#### About this exercise
Using the entries that follow, please report how many lines contain the word "finally", with no other words.

#### Data in this exercise
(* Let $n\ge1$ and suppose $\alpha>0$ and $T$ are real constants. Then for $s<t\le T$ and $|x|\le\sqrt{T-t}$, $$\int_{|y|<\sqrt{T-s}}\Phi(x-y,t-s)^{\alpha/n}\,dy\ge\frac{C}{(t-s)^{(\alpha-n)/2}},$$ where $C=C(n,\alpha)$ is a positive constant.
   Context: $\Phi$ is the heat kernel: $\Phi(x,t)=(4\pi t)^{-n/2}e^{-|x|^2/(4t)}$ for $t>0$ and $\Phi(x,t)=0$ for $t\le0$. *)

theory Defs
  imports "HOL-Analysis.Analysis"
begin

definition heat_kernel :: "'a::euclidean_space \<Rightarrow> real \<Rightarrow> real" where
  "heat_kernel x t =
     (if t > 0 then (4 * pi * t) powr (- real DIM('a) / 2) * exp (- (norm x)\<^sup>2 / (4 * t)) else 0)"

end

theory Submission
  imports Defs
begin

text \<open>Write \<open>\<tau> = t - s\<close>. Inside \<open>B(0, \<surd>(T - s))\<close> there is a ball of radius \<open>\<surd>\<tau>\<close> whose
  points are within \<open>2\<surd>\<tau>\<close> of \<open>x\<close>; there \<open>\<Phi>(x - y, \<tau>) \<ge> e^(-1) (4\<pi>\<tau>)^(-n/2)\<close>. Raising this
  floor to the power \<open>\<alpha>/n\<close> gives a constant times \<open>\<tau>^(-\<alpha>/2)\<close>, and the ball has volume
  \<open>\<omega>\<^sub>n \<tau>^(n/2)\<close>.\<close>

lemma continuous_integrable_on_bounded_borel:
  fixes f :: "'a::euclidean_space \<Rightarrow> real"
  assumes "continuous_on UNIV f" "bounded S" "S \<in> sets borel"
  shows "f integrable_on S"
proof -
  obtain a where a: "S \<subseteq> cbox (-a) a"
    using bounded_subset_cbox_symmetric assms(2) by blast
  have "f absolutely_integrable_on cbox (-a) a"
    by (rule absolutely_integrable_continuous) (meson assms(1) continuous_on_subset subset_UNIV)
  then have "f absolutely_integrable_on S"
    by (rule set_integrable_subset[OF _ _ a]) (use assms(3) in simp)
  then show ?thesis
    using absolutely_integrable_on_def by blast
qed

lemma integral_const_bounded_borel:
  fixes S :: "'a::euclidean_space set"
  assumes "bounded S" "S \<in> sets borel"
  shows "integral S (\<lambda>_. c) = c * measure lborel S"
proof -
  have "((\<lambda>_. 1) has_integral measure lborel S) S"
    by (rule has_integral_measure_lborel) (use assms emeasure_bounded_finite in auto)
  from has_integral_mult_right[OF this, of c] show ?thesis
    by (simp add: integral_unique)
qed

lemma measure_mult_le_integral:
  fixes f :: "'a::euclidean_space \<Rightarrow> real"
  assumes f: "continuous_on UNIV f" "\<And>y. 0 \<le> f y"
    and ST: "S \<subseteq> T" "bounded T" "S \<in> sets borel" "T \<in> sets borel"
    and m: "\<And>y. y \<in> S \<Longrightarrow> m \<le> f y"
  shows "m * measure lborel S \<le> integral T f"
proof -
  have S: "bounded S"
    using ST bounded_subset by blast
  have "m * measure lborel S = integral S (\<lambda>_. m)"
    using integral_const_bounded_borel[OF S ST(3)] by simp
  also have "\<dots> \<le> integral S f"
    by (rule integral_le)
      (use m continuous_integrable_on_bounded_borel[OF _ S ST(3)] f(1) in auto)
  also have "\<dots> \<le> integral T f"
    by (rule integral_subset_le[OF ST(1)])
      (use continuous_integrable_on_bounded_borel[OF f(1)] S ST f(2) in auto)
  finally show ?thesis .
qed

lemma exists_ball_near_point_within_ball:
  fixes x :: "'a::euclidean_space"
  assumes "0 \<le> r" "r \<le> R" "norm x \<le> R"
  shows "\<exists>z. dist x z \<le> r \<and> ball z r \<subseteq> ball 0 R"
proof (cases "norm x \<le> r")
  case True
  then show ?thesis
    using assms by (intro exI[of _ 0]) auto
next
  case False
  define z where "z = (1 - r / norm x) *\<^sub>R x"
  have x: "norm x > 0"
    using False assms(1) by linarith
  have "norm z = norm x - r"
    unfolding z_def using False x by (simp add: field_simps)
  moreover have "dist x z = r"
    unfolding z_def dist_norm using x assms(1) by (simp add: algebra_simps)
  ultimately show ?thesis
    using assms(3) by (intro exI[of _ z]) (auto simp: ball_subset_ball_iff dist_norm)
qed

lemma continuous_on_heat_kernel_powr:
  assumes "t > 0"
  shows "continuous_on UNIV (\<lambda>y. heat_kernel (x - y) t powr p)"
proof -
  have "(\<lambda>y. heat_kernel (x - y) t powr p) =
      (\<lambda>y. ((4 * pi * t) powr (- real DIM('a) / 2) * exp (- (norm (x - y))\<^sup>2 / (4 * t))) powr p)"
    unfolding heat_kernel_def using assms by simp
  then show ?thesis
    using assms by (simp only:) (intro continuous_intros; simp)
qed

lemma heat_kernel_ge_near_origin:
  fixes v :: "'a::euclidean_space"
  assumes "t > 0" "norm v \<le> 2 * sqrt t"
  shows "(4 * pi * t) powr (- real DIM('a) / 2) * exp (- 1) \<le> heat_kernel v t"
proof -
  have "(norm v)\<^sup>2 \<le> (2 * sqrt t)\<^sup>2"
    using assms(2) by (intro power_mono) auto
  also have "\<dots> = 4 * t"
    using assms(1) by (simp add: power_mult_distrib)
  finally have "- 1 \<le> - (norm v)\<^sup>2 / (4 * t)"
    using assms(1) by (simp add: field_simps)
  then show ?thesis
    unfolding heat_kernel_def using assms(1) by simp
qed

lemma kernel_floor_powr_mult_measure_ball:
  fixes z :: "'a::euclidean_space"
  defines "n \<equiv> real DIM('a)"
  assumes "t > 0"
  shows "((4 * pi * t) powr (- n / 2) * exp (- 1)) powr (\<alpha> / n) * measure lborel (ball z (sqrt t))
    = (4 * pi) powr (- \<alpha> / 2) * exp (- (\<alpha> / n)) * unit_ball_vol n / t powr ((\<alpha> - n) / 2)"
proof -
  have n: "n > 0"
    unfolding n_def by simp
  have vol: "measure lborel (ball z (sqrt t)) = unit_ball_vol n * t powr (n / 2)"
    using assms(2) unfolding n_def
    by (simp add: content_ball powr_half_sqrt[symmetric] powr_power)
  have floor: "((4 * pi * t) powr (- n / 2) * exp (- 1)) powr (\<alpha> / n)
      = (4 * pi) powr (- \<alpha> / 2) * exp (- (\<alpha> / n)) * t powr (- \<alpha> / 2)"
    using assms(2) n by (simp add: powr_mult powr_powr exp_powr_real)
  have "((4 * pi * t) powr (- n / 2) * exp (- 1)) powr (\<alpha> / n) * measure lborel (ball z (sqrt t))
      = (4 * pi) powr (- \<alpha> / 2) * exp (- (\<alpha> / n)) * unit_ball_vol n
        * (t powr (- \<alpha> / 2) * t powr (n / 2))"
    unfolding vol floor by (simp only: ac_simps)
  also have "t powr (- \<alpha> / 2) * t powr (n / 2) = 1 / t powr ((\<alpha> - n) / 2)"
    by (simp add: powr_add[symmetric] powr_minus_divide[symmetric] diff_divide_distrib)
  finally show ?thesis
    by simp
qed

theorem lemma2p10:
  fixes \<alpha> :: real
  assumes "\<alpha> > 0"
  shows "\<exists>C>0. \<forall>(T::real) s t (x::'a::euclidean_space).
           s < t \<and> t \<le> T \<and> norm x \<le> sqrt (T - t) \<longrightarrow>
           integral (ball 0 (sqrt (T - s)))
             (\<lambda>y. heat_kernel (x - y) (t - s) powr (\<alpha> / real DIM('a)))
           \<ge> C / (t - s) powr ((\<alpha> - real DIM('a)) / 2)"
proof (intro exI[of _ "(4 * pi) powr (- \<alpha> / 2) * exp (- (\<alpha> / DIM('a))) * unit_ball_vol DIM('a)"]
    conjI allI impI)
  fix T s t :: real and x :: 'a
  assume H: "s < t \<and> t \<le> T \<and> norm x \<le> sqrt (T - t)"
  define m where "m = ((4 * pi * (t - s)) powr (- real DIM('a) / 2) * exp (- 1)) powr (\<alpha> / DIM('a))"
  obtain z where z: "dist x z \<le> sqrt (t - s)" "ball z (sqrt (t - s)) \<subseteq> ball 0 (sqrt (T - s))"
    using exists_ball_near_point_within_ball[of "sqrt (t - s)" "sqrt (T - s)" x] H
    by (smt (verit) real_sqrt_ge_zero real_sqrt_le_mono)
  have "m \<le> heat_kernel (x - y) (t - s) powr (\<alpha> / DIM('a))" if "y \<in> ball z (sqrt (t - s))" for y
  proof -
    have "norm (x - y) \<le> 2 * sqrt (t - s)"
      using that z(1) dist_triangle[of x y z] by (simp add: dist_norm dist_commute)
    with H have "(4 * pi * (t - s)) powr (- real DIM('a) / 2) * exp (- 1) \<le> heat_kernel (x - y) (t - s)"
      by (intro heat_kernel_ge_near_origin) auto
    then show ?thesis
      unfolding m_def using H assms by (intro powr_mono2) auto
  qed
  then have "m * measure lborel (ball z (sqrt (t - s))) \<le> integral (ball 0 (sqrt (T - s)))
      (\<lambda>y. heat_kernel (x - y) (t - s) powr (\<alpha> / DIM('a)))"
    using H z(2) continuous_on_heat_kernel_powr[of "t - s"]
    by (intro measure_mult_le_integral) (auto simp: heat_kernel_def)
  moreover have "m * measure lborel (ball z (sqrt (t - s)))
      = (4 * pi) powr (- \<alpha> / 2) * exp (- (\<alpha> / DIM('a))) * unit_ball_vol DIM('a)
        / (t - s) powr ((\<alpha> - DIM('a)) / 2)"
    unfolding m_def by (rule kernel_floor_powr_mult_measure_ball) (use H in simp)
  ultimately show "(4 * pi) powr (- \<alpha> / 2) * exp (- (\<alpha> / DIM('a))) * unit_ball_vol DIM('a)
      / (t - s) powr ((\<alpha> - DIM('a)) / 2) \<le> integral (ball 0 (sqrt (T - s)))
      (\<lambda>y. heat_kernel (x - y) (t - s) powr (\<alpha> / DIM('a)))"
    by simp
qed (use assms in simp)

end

#### Answer section
3